--- Materials provided Enclosed Below ---

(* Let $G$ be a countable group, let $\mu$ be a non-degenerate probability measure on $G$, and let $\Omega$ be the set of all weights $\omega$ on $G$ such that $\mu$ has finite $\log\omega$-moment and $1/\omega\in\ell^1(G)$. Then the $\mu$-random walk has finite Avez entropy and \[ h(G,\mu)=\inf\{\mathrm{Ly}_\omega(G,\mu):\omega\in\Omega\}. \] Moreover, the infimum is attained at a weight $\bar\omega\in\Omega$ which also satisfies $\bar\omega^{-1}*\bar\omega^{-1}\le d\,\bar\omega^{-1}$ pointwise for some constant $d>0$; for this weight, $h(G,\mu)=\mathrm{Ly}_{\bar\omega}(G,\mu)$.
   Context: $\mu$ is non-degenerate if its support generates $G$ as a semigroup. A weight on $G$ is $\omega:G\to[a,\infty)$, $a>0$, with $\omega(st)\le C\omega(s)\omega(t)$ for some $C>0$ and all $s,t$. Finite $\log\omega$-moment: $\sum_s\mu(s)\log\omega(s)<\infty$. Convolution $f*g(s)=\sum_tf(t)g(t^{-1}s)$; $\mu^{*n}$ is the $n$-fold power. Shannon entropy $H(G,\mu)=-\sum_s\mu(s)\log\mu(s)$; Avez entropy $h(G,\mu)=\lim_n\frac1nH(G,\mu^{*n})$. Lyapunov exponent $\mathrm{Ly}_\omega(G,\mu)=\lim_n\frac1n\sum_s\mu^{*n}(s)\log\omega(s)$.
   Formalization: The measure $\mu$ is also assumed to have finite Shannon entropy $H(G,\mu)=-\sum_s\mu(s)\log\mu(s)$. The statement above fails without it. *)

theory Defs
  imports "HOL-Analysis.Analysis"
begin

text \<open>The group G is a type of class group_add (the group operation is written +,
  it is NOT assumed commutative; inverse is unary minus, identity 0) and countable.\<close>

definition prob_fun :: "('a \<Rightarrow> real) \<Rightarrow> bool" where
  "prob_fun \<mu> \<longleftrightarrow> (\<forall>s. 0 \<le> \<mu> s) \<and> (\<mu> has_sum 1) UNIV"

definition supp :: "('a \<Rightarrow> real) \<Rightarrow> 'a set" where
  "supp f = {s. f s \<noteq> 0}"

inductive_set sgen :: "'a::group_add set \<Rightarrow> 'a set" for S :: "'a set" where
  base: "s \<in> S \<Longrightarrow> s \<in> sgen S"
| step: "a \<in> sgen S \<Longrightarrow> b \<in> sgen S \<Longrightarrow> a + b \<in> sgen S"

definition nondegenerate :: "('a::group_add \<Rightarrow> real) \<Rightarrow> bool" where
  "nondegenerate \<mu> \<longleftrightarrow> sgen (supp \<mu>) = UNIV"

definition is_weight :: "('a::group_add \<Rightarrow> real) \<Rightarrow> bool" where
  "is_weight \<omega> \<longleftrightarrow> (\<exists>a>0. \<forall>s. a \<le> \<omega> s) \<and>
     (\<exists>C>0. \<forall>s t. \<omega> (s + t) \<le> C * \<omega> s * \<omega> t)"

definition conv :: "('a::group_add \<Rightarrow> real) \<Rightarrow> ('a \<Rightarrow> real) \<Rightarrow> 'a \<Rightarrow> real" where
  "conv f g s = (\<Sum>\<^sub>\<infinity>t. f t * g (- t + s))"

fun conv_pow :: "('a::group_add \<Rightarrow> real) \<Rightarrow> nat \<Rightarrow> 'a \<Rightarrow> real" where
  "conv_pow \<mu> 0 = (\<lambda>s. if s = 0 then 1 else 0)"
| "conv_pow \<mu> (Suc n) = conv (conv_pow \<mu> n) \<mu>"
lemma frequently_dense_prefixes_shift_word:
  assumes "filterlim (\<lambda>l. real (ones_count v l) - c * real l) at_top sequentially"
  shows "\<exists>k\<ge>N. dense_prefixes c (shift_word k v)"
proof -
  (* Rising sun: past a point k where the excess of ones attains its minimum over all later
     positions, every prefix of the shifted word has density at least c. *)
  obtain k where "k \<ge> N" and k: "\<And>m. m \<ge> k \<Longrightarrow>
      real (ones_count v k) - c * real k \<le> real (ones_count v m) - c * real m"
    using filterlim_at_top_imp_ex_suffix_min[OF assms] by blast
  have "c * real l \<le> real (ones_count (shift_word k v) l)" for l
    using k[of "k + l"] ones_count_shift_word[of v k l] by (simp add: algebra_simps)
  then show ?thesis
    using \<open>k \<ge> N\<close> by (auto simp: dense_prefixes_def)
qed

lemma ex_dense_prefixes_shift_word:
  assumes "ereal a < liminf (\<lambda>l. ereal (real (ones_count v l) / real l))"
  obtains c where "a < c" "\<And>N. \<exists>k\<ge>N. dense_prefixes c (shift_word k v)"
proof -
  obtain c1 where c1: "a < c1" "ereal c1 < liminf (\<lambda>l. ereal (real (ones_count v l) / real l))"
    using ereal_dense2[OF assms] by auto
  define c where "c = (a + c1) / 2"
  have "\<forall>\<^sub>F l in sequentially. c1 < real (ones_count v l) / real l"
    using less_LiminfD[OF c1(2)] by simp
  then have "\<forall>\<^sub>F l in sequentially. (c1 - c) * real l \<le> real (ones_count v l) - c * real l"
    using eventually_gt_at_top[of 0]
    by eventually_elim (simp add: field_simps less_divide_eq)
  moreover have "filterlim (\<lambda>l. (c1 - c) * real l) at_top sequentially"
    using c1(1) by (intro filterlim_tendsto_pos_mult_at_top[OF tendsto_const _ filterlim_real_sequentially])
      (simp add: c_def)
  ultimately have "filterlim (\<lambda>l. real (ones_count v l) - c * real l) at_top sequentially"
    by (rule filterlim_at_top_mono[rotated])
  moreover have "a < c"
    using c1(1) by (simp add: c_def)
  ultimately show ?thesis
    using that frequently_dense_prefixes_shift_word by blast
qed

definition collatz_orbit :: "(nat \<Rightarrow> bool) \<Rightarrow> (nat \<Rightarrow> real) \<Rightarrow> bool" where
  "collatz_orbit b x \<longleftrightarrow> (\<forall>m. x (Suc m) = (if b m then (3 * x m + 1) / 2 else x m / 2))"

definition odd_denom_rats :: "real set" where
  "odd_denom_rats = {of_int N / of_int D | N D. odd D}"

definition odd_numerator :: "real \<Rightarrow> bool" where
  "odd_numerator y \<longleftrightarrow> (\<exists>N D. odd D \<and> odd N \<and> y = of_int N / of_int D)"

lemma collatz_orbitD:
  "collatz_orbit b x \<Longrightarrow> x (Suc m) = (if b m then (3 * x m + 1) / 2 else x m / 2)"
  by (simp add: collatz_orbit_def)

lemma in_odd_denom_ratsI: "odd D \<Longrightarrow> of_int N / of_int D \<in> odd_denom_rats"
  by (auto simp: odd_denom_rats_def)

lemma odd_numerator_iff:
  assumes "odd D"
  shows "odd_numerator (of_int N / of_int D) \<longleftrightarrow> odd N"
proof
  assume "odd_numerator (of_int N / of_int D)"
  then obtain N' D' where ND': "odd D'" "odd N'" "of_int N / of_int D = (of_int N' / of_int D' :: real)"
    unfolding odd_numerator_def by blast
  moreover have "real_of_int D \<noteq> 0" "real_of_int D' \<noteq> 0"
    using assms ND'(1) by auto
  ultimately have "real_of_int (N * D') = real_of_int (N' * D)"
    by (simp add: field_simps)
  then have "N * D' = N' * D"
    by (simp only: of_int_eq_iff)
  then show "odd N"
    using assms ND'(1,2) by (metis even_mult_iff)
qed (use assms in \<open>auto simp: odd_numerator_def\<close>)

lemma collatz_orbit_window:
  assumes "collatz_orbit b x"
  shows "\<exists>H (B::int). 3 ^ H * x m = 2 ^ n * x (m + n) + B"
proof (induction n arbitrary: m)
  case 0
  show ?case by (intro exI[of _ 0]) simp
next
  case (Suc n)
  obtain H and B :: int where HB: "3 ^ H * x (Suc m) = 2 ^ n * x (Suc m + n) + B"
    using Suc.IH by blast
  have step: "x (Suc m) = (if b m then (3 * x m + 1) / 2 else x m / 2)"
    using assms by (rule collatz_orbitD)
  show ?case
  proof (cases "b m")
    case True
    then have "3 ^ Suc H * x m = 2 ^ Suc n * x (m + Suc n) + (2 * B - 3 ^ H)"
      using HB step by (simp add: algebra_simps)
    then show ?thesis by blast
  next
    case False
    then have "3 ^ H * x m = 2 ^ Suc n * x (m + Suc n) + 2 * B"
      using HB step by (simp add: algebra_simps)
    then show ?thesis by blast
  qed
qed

--- End of Enclosed Materials provided ---

> **The task**: Using the material above, work out the number of lines that include "noteq" and answer with that number by itself.

> **Exercise result**: 2